◆ Task description ◆
From the material below, list every line containing "shows".

◆ Working data ◆
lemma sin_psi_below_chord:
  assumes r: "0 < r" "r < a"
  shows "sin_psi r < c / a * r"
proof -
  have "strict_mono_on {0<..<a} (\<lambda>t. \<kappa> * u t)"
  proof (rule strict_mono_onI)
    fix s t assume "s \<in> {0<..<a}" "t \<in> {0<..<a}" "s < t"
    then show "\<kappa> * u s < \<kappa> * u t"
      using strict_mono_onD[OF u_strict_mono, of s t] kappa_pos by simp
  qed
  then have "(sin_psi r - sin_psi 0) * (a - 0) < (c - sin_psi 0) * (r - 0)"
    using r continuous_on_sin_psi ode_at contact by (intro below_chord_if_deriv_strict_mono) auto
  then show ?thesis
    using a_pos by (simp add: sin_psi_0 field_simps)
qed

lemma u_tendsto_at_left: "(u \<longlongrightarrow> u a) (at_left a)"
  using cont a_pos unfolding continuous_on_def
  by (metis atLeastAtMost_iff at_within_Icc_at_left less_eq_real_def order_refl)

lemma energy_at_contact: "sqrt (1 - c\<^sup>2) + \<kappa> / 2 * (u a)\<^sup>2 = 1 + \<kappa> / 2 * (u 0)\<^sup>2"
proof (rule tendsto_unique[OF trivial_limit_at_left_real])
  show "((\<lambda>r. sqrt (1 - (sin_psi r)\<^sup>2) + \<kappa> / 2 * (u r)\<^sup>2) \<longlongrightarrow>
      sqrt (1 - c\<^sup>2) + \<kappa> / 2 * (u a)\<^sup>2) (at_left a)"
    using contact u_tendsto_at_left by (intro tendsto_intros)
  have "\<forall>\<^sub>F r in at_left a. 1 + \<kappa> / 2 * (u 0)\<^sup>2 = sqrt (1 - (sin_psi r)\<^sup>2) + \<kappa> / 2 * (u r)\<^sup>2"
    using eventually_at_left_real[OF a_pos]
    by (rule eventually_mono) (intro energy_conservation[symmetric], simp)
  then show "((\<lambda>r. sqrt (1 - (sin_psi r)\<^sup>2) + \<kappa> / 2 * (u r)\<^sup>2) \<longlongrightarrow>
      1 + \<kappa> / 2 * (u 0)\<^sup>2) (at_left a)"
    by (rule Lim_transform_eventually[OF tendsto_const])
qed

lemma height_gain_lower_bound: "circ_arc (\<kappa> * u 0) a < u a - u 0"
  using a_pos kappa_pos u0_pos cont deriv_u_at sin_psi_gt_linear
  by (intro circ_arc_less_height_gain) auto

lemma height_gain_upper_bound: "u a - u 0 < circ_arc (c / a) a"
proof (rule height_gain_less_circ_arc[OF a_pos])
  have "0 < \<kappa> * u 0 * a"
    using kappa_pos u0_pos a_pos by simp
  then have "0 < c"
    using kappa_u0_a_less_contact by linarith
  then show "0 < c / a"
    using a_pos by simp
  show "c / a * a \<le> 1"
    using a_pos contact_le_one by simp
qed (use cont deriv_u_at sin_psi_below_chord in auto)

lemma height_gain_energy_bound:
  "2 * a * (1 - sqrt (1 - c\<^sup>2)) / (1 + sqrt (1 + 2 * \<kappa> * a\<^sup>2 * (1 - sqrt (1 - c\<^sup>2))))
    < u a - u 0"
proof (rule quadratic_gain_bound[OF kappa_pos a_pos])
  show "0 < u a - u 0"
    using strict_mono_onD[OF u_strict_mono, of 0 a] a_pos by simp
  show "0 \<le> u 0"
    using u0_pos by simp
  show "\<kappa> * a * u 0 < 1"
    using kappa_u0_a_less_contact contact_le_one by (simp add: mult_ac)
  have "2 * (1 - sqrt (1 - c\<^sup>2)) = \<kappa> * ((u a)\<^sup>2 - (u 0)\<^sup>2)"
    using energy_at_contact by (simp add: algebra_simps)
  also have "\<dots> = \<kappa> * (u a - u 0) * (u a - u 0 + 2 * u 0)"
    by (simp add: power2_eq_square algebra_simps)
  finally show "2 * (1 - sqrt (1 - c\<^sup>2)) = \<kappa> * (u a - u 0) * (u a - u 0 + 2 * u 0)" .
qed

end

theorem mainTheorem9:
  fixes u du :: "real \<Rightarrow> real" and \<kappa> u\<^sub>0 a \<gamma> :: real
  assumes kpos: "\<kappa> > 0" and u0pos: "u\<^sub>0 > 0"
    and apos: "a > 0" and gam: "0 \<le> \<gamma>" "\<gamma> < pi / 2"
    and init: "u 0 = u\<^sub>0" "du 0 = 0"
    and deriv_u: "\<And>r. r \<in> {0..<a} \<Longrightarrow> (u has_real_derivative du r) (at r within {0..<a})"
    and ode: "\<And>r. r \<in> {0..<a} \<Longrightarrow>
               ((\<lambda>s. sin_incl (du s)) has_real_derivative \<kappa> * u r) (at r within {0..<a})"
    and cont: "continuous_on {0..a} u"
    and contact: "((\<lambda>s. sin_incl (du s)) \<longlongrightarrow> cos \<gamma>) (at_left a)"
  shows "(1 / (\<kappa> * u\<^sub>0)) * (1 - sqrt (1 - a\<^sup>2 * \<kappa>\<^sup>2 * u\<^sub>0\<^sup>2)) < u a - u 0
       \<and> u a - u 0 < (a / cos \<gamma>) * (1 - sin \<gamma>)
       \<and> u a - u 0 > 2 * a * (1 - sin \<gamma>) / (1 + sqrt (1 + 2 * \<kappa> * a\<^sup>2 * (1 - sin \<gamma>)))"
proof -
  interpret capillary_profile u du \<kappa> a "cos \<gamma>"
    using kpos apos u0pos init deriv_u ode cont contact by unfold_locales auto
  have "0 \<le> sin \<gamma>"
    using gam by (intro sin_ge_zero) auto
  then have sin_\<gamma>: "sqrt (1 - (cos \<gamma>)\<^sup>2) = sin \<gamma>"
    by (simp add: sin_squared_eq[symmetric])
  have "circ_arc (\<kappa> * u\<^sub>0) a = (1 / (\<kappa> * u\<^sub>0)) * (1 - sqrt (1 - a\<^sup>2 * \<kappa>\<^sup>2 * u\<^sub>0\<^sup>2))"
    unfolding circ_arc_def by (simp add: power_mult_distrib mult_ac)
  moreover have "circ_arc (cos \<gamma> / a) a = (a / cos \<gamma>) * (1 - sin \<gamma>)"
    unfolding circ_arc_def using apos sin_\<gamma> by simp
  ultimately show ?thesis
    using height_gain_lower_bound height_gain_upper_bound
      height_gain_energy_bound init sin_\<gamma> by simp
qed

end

◆ Written reply ◆
  shows "sin_psi r < c / a * r"
  shows "(1 / (\<kappa> * u\<^sub>0)) * (1 - sqrt (1 - a\<^sup>2 * \<kappa>\<^sup>2 * u\<^sub>0\<^sup>2)) < u a - u 0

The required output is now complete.